(Material for this task)

lemma realizes_iff_insert:
  assumes ext: "prime_ext F s" and "F \<subseteq> X"
  shows "realizes X F s C \<longleftrightarrow>
    (\<exists>c\<in>X. c \<notin> F \<and> C = insert c F \<and> (\<forall>x\<in>F. s (Some x) None \<longleftrightarrow> x < c))"
proof
  let ?S = "insert None (Some ` F)"
  assume "realizes X F s C"
  then obtain f where "C \<subseteq> X" and bij: "bij_betw f ?S C"
    and fixes_F: "\<forall>x\<in>F. f (Some x) = x" and iso: "\<forall>u\<in>?S. \<forall>v\<in>?S. s u v \<longleftrightarrow> f u < f v"
    unfolding realizes_def by blast
  have "f None \<notin> F"
    using fixes_F bij_betw_imp_inj_on[OF bij]
    by (metis inj_on_contraD insertCI image_eqI option.distinct(1))
  moreover have "C = insert (f None) F"
    using bij_betw_imp_surj_on[OF bij] fixes_F by (auto simp: image_image)
  ultimately show "\<exists>c\<in>X. c \<notin> F \<and> C = insert c F \<and> (\<forall>x\<in>F. s (Some x) None \<longleftrightarrow> x < c)"
    using \<open>C \<subseteq> X\<close> iso fixes_F by auto
qed (use realizes_insert[OF assms] in blast)

lemma prime_ext_below_None_trans:
  assumes "prime_ext F s" "x \<in> F" "y \<in> F" "y < x" "s (Some x) None"
  shows "s (Some y) None"
  using assms unfolding prime_ext_def strict_linear_on_def by blast

lemma down_closed_eq_if_card_eq:
  fixes D E :: "'a::linorder set"
  assumes "finite F" "D \<subseteq> F" "E \<subseteq> F" "card D = card E"
    and "\<And>x y. x \<in> D \<Longrightarrow> y \<in> F \<Longrightarrow> y < x \<Longrightarrow> y \<in> D"
    and "\<And>x y. x \<in> E \<Longrightarrow> y \<in> F \<Longrightarrow> y < x \<Longrightarrow> y \<in> E"
  shows "D = E"
proof -
  have "D \<subseteq> E \<or> E \<subseteq> D"
  proof (rule ccontr)
    assume "\<not> (D \<subseteq> E \<or> E \<subseteq> D)"
    then obtain x y where "x \<in> D" "x \<notin> E" "y \<in> E" "y \<notin> D" by blast
    then show False
      using assms(2,3,5,6) by (cases x y rule: linorder_cases) blast+
  qed
  moreover have "finite D" "finite E"
    using assms(1-3) finite_subset by auto
  ultimately show ?thesis
    using assms(4) card_subset_eq by metis
qed

lemma realizes_iff_gap:
  assumes ext: "prime_ext F s" and "finite F" "F \<subseteq> X"
  shows "realizes X F s C \<longleftrightarrow> (\<exists>c\<in>gap X F (card {x\<in>F. s (Some x) None}). C = insert c F)"
proof -
  let ?D = "{x\<in>F. s (Some x) None}"
  have cut_iff: "(\<forall>x\<in>F. s (Some x) None \<longleftrightarrow> x < c) \<longleftrightarrow> num_below F c = card ?D" for c
  proof
    assume "\<forall>x\<in>F. s (Some x) None \<longleftrightarrow> x < c"
    then have "{x\<in>F. x < c} = ?D" by auto
    then show "num_below F c = card ?D" by (simp add: num_below_def)
  next
    assume "num_below F c = card ?D"
    then have "{x\<in>F. x < c} = ?D"
      using prime_ext_below_None_trans[OF ext] \<open>finite F\<close>
      by (intro down_closed_eq_if_card_eq[of F]) (auto simp: num_below_def)
    then show "\<forall>x\<in>F. s (Some x) None \<longleftrightarrow> x < c" by blast
  qed
  show ?thesis
    unfolding realizes_iff_insert[OF ext \<open>F \<subseteq> X\<close>] gap_def using cut_iff by auto
qed

lemma prime_ext_with_cut:
  assumes "finite F" "j \<le> card F"
  obtains s where "prime_ext F s" "card {x\<in>F. s (Some x) None} = j"
proof -
  \<comment> \<open>odd keys order \<open>F\<close>, the even key \<open>2 * j\<close> puts the new point right above \<open>j\<close> of them\<close>
  define key where "key u = (case u of None \<Rightarrow> 2 * j | Some x \<Rightarrow> 2 * num_below F x + 1)" for u
  define s where "s u v \<longleftrightarrow> key u < key v" for u v
  have "inj_on key (insert None (Some ` F))"
    using inj_on_num_below[OF assms(1)] unfolding inj_on_def key_def by (auto; presburger)
  then have "strict_linear_on (insert None (Some ` F)) s"
    unfolding strict_linear_on_def s_def inj_on_def by (metis less_trans less_irrefl linorder_neqE_nat)
  moreover have "\<forall>x\<in>F. \<forall>y\<in>F. s (Some x) (Some y) \<longleftrightarrow> x < y"
    using num_below_less_iff[OF assms(1)] by (simp add: s_def key_def)
  moreover have "{x\<in>F. s (Some x) None} = {x\<in>F. num_below F x < j}"
    by (auto simp: s_def key_def)
  ultimately show ?thesis
    using that card_num_below_less[OF assms] unfolding prime_ext_def by auto
qed

lemma prime_exts_realized_iff_gaps:
  assumes "finite F" "F \<subseteq> X"
  shows "(\<forall>s. prime_ext F s \<longrightarrow> (\<exists>C. realizes X F s C \<and> P C)) \<longleftrightarrow>
         (\<forall>j\<le>card F. \<exists>c\<in>gap X F j. P (insert c F))"
proof -
  have "(\<forall>s. prime_ext F s \<longrightarrow> (\<exists>C. realizes X F s C \<and> P C)) \<longleftrightarrow>
        (\<forall>s. prime_ext F s \<longrightarrow> (\<exists>c\<in>gap X F (card {x\<in>F. s (Some x) None}). P (insert c F)))"
    using realizes_iff_gap[OF _ assms] by (metis (no_types, lifting))
  also have "\<dots> \<longleftrightarrow> (\<forall>j\<le>card F. \<exists>c\<in>gap X F j. P (insert c F))"
  proof
    assume "\<forall>s. prime_ext F s \<longrightarrow> (\<exists>c\<in>gap X F (card {x\<in>F. s (Some x) None}). P (insert c F))"
    then show "\<forall>j\<le>card F. \<exists>c\<in>gap X F j. P (insert c F)"
      using prime_ext_with_cut[OF assms(1)] by metis
  next
    assume "\<forall>j\<le>card F. \<exists>c\<in>gap X F j. P (insert c F)"
    moreover have "card {x\<in>F. s (Some x) None} \<le> card F" for s
      using assms(1) by (intro card_mono) auto
    ultimately show "\<forall>s. prime_ext F s \<longrightarrow> (\<exists>c\<in>gap X F (card {x\<in>F. s (Some x) None}). P (insert c F))"
      by blast
  qed
  finally show ?thesis .
qed

section \<open>Rank\<close>

lemma is_succ_of_unique: "is_succ_of \<alpha> \<beta> \<Longrightarrow> is_succ_of \<alpha> \<gamma> \<Longrightarrow> \<beta> = \<gamma>"
  unfolding is_succ_of_def by (meson order.antisym)

lemma rk_ge_lim_iff:
  assumes "\<nexists>\<beta>. is_succ_of \<alpha> \<beta>"
  shows "rk_ge X \<alpha> F \<longleftrightarrow> (\<forall>\<beta><\<alpha>. rk_ge X \<beta> F)"
proof
  assume "rk_ge X \<alpha> F"
  then show "\<forall>\<beta><\<alpha>. rk_ge X \<beta> F"
    using assms by (cases rule: rk_ge.cases) blast+
qed (rule rk_ge.lim[OF assms])

lemma rk_ge_succ_iff:
  assumes "is_succ_of \<alpha> \<beta>"
  shows "rk_ge X \<alpha> F \<longleftrightarrow> (\<forall>s. prime_ext F s \<longrightarrow> (\<exists>C. realizes X F s C \<and> rk_ge X \<beta> C))"
proof
  assume "rk_ge X \<alpha> F"
  then show "\<forall>s. prime_ext F s \<longrightarrow> (\<exists>C. realizes X F s C \<and> rk_ge X \<beta> C)"
    using assms is_succ_of_unique[OF assms] by (cases rule: rk_ge.cases) blast+
qed (rule rk_ge.succ[OF assms])

lemma rk_ge_mono:
  fixes \<alpha> \<beta> :: "'o::wellorder"
  shows "rk_ge X \<alpha> F \<Longrightarrow> \<beta> \<le> \<alpha> \<Longrightarrow> rk_ge X \<beta> F"
proof (induction \<beta> arbitrary: \<alpha> F rule: less_induct)
  case (less \<beta>)
  show ?case
  proof (cases "\<exists>\<gamma>. is_succ_of \<beta> \<gamma>")
    case False
    then show ?thesis
      using less by (auto simp: rk_ge_lim_iff)
  next
    case True
    then obtain \<gamma> where \<gamma>: "is_succ_of \<beta> \<gamma>" ..
    show ?thesis
    proof (cases "\<exists>\<alpha>'. is_succ_of \<alpha> \<alpha>'")
      case False
      then show ?thesis
        using less.prems rk_ge_lim_iff[OF False, of X F] by (auto simp: le_less)
    next
      case True
      then obtain \<alpha>' where \<alpha>': "is_succ_of \<alpha> \<alpha>'" ..
      have "\<gamma> < \<beta>" "\<gamma> \<le> \<alpha>'"
        using \<gamma> \<alpha>' less.prems(2) unfolding is_succ_of_def by auto
      have "\<exists>C. realizes X F s C \<and> rk_ge X \<gamma> C" if "prime_ext F s" for s
        using less.prems(1) that less.IH[OF \<open>\<gamma> < \<beta>\<close> _ \<open>\<gamma> \<le> \<alpha>'\<close>] rk_ge_succ_iff[OF \<alpha>'] by blast
      then show ?thesis
        using rk_ge_succ_iff[OF \<gamma>] by blast
    qed
  qed
qed

lemma rk_ge_succ_iff_gaps:
  assumes "is_succ_of \<alpha> \<beta>" "finite F" "F \<subseteq> Y"
  shows "rk_ge Y \<alpha> F \<longleftrightarrow> (\<forall>j\<le>card F. \<exists>c\<in>gap Y F j. rk_ge Y \<beta> (insert c F))"
  using rk_ge_succ_iff[OF assms(1), of Y F] prime_exts_realized_iff_gaps[OF assms(2,3), of "rk_ge Y \<beta>"]
  by simp

lemma rk_ge_succ_empty_iff:
  assumes "is_succ_of \<alpha> \<beta>"
  shows "rk_ge X \<alpha> {} \<longleftrightarrow> (\<exists>c\<in>X. rk_ge X \<beta> {c})"
  using rk_ge_succ_iff_gaps[OF assms, of "{}" X] by (simp add: gap_empty)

(End Material for this task)

• Work order
Your answer should consist of all lines above that include the string "moreover".

• Answer section
  moreover have "C = insert (f None) F"
  moreover have "finite D" "finite E"
  moreover have "\<forall>x\<in>F. \<forall>y\<in>F. s (Some x) (Some y) \<longleftrightarrow> x < y"
  moreover have "{x\<in>F. s (Some x) None} = {x\<in>F. num_below F x < j}"
    moreover have "card {x\<in>F. s (Some x) None} \<le> card F" for s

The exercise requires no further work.